Stored data entries:
------------------------------------------------
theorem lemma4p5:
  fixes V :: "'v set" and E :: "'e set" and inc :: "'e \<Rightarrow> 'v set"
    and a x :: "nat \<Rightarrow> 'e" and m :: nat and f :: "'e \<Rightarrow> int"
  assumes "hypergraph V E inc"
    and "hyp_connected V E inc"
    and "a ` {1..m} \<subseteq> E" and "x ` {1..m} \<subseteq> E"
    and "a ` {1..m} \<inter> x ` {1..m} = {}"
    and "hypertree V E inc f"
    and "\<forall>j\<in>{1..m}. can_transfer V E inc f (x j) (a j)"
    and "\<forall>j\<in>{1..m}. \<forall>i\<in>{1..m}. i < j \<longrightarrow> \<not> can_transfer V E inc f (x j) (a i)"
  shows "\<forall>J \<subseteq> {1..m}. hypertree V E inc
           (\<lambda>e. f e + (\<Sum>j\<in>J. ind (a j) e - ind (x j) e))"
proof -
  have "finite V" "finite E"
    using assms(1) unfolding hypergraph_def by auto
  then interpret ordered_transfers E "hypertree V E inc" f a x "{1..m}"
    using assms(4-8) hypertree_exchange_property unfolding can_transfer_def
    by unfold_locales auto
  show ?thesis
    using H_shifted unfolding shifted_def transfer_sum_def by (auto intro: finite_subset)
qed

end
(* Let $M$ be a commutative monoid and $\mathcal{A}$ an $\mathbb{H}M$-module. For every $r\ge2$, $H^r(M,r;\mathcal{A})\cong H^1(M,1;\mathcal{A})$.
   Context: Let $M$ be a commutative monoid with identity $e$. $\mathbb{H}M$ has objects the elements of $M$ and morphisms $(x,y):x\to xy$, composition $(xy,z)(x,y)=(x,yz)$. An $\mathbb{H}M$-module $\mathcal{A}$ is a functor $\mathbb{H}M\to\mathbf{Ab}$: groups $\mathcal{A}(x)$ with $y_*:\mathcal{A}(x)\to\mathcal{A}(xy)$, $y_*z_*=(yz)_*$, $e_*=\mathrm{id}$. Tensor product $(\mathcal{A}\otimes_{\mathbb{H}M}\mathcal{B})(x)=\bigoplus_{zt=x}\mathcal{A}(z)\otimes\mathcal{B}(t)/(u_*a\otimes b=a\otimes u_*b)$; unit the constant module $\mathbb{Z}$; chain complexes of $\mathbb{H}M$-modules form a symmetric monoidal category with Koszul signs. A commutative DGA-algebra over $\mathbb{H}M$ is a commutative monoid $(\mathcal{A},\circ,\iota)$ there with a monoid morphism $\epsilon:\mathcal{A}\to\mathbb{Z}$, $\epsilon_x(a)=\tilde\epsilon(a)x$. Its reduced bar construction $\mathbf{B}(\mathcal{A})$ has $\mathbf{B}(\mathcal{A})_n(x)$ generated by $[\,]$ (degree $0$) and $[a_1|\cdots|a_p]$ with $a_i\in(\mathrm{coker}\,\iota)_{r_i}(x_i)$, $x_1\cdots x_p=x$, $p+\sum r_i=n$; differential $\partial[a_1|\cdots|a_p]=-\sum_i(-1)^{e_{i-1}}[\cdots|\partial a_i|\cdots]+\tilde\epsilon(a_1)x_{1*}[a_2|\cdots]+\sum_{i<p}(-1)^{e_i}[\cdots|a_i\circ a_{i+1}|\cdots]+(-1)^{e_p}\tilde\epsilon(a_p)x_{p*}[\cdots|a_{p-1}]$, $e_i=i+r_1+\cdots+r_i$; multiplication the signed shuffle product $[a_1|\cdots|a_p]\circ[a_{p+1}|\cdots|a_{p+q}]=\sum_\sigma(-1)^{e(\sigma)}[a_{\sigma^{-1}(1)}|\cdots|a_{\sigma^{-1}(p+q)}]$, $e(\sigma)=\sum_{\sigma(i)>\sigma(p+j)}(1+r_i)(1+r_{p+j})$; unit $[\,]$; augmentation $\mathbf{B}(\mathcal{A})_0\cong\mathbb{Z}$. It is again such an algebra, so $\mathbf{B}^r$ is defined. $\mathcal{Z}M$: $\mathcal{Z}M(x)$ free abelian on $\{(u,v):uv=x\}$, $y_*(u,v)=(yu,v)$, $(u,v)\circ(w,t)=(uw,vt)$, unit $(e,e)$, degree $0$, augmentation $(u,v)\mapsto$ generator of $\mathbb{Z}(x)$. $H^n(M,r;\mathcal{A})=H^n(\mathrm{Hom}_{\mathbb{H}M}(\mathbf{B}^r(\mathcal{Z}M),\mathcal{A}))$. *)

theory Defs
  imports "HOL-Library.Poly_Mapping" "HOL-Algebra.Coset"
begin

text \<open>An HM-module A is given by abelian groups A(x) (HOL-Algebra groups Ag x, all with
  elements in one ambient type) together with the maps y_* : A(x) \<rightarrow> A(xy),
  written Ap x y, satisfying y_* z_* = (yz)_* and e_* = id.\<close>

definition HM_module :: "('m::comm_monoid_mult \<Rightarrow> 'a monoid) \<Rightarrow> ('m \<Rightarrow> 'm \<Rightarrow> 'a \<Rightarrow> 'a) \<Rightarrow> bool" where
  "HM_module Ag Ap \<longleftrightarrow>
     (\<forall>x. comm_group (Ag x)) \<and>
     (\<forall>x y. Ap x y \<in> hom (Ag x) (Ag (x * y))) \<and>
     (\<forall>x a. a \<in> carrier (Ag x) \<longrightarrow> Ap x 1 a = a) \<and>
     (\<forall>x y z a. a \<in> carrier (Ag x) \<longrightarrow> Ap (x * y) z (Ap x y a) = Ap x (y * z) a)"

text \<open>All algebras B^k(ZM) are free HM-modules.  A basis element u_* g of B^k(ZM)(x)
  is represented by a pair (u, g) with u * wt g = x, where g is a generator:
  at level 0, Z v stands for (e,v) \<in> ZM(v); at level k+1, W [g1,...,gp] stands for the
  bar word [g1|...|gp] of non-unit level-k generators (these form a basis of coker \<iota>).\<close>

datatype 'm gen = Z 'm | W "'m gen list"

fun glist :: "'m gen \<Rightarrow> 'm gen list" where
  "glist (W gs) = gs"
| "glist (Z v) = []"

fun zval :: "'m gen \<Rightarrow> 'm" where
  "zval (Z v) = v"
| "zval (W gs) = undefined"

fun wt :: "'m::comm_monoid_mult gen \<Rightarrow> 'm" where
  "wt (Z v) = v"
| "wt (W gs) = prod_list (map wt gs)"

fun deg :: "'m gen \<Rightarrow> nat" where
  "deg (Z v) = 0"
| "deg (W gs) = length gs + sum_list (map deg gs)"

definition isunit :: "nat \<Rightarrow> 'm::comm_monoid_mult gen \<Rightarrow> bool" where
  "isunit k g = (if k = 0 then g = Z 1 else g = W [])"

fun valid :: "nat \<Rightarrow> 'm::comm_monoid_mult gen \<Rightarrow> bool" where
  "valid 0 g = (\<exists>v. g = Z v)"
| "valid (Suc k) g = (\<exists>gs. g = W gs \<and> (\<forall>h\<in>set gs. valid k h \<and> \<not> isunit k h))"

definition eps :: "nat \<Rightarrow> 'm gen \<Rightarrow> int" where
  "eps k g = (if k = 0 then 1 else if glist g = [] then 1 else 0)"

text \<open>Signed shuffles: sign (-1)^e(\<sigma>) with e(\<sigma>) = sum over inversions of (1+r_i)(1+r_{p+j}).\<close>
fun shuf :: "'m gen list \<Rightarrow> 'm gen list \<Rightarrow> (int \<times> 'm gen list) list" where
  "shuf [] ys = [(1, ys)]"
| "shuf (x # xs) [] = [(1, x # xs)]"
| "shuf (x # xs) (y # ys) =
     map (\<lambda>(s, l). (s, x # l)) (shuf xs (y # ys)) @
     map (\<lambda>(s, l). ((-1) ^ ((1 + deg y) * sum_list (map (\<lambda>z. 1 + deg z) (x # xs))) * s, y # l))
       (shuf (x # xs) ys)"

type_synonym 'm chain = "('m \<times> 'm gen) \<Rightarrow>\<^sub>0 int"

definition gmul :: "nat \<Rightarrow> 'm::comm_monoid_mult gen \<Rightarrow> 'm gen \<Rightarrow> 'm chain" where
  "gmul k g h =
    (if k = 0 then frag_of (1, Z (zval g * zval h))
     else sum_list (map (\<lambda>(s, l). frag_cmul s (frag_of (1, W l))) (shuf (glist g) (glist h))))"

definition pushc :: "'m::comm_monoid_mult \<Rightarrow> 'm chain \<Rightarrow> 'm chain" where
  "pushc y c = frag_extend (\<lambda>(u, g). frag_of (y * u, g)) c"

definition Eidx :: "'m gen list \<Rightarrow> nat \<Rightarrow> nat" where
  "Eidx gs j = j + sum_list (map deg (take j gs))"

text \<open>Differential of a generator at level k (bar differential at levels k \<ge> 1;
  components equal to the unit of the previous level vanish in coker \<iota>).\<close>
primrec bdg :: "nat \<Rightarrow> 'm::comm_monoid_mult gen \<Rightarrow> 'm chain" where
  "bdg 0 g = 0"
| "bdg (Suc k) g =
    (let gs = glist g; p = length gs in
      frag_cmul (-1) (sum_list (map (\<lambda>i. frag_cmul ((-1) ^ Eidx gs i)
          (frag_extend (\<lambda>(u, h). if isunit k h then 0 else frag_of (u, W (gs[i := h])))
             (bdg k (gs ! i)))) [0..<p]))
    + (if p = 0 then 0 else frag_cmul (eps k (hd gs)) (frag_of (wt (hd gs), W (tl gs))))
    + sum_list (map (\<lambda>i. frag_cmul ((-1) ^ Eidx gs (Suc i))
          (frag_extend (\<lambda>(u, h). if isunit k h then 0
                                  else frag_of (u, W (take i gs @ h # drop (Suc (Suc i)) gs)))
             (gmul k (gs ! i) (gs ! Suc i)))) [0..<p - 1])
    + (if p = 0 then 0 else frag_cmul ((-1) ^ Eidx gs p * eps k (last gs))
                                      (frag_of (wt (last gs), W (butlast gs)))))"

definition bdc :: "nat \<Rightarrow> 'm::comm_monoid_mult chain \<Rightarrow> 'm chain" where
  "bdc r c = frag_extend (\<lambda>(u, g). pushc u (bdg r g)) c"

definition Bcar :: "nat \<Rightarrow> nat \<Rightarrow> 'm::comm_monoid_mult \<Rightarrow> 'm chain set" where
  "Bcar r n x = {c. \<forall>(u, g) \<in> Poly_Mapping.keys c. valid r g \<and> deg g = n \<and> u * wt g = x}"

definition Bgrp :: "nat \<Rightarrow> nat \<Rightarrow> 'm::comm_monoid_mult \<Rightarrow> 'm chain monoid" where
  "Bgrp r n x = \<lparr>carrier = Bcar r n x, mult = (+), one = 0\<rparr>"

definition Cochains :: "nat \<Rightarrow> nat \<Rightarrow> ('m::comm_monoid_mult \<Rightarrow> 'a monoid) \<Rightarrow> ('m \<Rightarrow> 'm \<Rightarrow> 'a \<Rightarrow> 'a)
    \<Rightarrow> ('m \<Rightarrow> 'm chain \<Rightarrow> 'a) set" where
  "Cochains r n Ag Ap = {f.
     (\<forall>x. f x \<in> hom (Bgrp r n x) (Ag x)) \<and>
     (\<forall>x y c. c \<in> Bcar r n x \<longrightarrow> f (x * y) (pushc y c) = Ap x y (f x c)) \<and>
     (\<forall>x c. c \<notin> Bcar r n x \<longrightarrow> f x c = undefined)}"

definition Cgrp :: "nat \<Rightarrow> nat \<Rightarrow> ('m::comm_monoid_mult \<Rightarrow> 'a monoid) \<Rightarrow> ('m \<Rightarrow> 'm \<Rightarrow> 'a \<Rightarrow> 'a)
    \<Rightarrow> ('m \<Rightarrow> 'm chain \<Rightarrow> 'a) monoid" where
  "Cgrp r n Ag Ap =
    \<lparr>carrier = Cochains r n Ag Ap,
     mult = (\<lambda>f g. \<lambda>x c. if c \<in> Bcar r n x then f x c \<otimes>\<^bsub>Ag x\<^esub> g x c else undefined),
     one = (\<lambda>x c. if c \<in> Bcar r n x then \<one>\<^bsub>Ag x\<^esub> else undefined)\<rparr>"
------------------------------------------------
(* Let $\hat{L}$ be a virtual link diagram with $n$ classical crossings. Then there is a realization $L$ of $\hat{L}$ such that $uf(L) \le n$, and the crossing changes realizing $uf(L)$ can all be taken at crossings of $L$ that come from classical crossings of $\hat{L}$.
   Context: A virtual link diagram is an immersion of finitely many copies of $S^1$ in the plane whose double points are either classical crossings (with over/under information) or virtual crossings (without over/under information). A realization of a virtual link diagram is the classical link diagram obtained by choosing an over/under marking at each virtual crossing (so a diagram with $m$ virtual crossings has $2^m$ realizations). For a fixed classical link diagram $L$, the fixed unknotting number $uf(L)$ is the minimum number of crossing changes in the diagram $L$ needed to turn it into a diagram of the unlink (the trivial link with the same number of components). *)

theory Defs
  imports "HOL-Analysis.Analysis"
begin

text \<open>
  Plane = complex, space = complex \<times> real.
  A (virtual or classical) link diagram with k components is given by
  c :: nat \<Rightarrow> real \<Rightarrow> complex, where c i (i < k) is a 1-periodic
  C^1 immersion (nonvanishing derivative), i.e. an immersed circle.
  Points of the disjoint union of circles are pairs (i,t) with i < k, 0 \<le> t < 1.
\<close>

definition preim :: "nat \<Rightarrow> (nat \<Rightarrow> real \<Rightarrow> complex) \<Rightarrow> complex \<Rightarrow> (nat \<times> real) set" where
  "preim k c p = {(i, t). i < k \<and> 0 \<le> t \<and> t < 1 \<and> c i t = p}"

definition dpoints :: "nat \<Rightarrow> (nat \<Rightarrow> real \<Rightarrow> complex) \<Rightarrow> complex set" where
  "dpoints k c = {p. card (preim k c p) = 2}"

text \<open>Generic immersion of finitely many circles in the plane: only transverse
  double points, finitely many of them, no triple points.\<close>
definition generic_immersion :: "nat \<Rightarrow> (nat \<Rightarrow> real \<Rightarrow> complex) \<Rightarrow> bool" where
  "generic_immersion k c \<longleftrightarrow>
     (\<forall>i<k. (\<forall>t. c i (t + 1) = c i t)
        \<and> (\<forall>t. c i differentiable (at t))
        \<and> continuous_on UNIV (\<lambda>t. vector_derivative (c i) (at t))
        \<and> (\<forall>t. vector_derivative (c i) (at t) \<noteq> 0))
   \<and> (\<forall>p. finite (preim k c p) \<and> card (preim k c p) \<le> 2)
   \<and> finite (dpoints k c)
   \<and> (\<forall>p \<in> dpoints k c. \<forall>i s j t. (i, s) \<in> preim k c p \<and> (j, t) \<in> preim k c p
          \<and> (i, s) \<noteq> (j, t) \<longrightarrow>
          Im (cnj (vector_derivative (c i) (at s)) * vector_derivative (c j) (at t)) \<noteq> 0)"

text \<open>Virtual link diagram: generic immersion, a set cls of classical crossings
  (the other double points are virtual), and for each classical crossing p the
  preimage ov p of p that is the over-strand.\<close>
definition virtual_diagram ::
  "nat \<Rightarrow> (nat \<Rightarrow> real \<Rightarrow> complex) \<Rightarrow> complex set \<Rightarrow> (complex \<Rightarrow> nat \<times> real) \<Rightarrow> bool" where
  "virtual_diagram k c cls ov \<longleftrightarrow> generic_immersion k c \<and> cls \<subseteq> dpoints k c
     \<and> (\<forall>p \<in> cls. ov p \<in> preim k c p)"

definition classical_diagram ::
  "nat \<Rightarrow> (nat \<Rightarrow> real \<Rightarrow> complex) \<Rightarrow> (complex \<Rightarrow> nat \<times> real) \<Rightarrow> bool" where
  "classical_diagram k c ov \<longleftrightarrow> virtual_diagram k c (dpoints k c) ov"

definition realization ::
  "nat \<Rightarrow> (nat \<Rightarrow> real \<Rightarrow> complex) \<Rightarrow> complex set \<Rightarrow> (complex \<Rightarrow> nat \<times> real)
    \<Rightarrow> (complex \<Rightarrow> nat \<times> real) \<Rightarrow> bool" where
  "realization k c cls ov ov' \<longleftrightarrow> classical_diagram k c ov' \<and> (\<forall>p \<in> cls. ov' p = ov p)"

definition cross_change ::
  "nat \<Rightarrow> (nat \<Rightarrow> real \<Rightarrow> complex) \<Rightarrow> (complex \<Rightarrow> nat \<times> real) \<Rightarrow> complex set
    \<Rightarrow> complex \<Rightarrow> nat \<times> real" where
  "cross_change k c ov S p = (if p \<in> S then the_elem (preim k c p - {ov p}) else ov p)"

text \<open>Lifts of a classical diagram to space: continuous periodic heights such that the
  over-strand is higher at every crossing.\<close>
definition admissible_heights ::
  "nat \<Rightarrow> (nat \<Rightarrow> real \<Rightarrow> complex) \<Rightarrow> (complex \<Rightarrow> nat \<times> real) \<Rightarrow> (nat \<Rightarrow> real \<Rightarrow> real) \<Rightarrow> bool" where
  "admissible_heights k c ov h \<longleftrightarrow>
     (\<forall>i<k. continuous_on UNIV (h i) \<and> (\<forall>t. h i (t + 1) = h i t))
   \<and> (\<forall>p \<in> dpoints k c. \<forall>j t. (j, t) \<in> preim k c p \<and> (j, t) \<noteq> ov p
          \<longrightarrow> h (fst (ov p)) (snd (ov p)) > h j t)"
------------------------------------------------
[PROBLEM DESCRIPTION] Would you please return all lines of the data that include the word "given"?

[WRITTEN ANSWER]
text \<open>An HM-module A is given by abelian groups A(x) (HOL-Algebra groups Ag x, all with
  A (virtual or classical) link diagram with k components is given by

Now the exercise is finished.